*TO DO*
Within the entries that follow, show each line where the word "from" occurs.
── THE INPUT ──
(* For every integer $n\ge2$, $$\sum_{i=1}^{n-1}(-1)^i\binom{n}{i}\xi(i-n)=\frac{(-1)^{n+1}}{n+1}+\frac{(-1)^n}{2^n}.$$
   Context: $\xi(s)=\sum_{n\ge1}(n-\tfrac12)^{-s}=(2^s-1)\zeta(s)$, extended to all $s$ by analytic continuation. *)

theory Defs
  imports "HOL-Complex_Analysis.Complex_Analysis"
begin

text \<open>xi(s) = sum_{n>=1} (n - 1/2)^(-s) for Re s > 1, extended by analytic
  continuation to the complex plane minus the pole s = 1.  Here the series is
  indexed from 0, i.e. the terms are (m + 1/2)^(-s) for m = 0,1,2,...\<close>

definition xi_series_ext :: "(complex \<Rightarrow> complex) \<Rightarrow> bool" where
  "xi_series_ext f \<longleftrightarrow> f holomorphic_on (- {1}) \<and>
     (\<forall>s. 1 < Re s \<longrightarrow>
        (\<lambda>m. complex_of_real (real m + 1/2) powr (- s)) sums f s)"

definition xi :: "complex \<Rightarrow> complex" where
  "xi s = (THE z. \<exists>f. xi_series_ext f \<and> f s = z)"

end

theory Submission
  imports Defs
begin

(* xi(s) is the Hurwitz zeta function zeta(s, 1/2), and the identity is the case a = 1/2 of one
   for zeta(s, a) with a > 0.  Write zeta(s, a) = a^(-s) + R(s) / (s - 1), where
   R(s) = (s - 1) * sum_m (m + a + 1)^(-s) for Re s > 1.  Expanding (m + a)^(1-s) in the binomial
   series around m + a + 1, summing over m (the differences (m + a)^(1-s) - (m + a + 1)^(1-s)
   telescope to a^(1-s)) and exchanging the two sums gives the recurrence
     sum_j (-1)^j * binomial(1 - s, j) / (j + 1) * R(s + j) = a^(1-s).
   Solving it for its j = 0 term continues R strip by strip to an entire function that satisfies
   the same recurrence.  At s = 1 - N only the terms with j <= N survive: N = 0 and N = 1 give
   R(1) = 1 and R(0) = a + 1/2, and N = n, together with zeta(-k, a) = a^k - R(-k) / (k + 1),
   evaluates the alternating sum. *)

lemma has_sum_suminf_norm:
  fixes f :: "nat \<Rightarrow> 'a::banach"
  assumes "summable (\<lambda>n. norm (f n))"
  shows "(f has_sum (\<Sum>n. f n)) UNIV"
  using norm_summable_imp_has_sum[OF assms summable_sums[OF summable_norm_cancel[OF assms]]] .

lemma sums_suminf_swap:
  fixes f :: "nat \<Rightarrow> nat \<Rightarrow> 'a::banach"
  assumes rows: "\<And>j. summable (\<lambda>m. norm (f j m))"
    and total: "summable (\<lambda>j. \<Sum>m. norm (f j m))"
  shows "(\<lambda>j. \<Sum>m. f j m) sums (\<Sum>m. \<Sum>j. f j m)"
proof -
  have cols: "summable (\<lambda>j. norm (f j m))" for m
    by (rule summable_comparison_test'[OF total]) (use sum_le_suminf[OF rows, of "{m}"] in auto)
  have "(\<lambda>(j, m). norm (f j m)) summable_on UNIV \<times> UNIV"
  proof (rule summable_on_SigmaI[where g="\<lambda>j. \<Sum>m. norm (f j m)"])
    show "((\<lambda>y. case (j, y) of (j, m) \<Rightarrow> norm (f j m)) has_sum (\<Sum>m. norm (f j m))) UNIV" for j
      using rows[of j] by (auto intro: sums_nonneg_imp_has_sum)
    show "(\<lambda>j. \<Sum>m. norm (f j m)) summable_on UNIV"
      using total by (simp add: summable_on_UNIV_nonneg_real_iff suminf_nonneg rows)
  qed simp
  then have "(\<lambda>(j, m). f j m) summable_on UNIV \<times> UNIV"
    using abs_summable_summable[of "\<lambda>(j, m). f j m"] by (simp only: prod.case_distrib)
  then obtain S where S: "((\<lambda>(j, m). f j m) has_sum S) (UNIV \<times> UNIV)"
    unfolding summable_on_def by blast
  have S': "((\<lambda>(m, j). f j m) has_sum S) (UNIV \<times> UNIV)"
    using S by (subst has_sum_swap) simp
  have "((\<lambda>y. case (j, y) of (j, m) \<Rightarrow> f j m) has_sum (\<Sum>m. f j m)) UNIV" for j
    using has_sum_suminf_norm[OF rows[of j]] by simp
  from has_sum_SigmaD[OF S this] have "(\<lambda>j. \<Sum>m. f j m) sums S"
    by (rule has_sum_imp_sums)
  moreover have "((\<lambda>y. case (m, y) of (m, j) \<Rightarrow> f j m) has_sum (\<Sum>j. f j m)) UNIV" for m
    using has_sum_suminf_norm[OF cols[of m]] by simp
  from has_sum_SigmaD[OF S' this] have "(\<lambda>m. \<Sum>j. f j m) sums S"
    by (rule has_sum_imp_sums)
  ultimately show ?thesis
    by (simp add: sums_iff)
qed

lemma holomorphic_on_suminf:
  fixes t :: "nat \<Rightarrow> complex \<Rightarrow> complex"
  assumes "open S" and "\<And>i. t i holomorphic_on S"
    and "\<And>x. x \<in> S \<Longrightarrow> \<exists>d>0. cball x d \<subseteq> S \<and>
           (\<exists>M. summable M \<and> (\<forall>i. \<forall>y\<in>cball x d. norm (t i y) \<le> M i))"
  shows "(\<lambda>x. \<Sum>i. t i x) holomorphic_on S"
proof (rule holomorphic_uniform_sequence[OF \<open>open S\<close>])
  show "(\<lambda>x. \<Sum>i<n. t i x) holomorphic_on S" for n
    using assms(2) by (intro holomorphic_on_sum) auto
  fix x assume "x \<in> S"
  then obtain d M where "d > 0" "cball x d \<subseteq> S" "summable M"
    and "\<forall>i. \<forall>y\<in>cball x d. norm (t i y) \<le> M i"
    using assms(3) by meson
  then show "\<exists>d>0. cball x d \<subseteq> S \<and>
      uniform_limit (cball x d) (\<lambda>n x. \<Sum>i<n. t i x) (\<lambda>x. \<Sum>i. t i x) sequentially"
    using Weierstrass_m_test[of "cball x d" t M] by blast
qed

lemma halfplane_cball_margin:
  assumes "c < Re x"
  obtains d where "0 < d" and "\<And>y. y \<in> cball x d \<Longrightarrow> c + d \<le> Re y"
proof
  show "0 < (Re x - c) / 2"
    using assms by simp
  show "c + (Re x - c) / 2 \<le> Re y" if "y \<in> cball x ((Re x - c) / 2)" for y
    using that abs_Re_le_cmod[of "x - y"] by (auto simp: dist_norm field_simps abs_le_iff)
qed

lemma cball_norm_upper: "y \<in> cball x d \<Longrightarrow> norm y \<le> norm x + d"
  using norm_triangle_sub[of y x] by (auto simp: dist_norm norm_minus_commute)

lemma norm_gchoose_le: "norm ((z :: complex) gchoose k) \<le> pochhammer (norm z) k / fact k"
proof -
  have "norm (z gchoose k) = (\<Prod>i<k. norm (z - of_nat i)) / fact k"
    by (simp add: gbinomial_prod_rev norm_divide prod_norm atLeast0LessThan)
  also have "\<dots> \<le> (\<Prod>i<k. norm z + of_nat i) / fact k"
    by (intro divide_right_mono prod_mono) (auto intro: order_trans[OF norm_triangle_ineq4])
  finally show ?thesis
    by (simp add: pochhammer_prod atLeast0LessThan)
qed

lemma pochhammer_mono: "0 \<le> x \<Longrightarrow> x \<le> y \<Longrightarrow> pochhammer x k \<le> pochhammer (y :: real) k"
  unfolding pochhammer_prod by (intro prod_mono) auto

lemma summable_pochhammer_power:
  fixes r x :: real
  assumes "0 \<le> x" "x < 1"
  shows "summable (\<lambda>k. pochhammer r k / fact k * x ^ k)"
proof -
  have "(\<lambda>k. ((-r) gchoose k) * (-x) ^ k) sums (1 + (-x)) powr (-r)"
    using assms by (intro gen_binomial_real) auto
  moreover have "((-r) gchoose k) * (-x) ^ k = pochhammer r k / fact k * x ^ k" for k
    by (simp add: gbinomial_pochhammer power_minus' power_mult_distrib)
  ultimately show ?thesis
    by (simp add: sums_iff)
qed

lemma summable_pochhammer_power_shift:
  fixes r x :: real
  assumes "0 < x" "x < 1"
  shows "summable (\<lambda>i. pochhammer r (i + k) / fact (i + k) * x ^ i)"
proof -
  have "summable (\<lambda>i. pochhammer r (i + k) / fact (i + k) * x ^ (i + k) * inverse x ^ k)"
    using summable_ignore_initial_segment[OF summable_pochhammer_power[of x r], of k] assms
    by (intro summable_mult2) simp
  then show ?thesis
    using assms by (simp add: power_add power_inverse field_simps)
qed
───
── THE INPUT ──
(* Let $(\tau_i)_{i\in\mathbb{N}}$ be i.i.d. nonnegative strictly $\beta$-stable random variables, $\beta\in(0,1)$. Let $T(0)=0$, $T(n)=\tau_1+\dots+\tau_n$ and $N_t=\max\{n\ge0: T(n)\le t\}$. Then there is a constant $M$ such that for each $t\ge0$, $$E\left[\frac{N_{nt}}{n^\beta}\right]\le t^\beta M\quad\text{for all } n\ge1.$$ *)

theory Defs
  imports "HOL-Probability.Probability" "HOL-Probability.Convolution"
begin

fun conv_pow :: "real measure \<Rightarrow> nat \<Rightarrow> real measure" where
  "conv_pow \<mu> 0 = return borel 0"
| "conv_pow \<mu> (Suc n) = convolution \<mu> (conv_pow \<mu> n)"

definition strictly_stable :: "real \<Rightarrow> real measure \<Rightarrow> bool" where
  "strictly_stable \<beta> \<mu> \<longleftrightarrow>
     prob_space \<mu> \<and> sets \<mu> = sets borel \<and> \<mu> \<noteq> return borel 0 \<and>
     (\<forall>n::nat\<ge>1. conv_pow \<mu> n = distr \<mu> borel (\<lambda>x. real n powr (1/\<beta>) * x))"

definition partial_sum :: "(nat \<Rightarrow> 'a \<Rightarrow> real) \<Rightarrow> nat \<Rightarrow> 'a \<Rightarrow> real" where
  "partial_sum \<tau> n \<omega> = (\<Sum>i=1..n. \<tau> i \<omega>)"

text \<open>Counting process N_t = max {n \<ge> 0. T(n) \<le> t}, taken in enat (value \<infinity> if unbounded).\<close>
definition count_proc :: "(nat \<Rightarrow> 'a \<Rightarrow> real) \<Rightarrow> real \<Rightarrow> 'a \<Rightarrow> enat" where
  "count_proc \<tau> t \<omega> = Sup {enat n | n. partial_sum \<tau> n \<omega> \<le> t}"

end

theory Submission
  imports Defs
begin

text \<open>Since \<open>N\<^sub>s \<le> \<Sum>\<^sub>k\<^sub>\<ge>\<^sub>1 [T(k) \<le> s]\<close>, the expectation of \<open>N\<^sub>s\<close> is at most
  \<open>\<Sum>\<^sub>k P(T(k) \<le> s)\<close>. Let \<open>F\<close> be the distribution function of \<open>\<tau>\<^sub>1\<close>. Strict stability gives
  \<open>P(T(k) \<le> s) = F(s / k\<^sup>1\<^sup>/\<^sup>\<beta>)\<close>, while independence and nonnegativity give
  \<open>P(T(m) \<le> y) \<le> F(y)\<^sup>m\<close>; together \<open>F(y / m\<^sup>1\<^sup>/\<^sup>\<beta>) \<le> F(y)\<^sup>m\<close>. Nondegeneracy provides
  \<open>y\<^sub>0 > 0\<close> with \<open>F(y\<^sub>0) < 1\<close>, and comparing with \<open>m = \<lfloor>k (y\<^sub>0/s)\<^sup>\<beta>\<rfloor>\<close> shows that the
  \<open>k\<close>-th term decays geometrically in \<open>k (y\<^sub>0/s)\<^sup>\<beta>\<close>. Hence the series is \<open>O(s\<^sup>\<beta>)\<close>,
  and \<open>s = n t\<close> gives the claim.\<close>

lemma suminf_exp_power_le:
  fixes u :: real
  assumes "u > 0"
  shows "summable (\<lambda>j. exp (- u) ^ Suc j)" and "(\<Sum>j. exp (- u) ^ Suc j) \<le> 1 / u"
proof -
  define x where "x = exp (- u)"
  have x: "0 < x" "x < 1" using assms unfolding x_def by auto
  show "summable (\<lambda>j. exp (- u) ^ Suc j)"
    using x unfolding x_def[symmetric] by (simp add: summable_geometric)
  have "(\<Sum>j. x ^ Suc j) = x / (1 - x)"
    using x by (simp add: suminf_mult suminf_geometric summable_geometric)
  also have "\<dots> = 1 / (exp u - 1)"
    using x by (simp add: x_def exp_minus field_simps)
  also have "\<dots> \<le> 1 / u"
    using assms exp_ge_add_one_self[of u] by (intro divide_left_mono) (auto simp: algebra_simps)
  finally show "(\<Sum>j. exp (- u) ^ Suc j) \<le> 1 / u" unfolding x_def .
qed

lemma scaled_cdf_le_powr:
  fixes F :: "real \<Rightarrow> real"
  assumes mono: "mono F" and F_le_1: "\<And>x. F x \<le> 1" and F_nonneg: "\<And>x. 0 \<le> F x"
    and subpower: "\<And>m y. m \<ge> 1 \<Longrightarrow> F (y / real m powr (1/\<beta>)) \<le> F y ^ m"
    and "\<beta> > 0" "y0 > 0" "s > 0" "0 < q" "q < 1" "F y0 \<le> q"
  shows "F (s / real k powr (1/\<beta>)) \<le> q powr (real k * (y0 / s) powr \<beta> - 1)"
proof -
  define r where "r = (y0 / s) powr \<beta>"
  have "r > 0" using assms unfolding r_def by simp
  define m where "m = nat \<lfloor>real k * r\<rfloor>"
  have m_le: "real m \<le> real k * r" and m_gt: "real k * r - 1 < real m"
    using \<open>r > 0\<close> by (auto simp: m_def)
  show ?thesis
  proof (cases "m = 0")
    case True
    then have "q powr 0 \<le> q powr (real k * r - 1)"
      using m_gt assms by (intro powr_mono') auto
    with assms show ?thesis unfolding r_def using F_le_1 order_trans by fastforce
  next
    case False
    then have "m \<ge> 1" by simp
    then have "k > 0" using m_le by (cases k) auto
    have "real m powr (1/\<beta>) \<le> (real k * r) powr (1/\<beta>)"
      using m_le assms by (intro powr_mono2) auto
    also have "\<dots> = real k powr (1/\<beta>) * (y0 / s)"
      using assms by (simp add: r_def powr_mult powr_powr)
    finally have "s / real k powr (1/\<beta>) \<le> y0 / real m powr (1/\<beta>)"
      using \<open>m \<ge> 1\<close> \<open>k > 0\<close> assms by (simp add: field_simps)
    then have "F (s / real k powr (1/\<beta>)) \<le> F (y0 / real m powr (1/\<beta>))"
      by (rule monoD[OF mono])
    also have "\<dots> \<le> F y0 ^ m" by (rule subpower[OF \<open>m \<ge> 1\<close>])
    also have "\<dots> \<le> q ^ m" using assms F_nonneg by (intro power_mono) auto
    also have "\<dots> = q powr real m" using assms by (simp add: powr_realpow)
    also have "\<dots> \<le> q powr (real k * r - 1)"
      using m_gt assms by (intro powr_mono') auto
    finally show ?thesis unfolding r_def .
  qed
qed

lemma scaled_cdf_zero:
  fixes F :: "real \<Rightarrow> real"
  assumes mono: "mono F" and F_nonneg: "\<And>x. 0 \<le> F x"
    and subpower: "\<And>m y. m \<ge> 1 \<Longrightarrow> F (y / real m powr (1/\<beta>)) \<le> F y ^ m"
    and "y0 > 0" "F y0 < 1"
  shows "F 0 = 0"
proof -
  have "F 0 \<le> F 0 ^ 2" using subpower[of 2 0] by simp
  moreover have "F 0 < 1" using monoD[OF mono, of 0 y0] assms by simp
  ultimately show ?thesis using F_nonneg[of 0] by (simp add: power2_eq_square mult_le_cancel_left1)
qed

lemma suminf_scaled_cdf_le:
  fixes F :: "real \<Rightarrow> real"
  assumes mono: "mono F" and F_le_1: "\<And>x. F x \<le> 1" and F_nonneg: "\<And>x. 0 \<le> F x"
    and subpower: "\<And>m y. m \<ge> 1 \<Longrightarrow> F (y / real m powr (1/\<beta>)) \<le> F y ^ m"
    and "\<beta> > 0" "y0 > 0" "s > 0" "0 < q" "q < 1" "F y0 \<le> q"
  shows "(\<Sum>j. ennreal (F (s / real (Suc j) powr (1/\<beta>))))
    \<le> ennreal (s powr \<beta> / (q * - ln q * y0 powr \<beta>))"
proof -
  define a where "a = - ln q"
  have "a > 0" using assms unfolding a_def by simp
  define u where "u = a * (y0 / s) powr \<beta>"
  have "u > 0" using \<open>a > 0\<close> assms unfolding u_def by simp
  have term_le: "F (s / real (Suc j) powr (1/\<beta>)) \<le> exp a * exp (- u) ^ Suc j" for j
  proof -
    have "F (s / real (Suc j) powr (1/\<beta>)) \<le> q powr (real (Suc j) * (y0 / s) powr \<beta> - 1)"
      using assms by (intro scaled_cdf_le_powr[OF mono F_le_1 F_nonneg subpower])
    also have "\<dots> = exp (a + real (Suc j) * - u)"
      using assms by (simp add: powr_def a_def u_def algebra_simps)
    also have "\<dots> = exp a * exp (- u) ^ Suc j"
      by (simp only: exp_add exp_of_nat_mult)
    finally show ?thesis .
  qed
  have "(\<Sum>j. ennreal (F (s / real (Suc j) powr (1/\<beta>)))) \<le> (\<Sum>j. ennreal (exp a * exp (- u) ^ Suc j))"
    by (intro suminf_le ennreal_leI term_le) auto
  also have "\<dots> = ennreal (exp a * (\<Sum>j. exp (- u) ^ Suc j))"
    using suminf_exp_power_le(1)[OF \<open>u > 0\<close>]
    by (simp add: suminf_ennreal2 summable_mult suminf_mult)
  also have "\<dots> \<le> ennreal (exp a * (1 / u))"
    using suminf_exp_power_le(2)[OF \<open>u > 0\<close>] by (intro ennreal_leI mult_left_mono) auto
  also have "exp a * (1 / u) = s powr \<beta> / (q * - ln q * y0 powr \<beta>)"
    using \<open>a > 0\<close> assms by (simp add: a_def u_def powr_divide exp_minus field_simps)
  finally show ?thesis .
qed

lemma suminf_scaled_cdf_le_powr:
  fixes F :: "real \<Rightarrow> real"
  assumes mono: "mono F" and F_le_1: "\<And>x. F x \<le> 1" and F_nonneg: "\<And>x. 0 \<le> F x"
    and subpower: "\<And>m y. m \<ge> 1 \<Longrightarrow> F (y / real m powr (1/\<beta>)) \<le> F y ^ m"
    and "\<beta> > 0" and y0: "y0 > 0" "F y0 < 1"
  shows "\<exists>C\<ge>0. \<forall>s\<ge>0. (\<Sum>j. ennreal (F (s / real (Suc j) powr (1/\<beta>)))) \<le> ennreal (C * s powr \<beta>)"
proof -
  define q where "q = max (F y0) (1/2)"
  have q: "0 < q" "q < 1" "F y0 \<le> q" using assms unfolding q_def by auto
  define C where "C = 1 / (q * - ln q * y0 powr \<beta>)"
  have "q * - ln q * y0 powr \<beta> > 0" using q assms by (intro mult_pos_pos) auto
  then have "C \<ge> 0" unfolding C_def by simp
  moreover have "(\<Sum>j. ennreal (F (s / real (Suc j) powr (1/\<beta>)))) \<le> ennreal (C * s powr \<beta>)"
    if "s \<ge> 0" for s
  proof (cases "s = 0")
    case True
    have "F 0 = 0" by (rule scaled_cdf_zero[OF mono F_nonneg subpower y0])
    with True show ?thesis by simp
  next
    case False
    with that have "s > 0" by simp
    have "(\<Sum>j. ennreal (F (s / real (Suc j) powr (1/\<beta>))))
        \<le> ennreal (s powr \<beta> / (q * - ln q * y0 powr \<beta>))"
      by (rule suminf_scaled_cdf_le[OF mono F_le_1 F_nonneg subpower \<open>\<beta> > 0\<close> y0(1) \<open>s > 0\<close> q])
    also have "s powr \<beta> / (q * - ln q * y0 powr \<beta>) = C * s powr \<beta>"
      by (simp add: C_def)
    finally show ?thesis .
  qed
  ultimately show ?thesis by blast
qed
───
*RESPONSE TO THE EXERCISE*
  indexed from 0, i.e. the terms are (m + 1/2)^(-s) for m = 0,1,2,...\<close>
  from has_sum_SigmaD[OF S this] have "(\<lambda>j. \<Sum>m. f j m) sums S"
  from has_sum_SigmaD[OF S' this] have "(\<lambda>m. \<Sum>j. f j m) sums S"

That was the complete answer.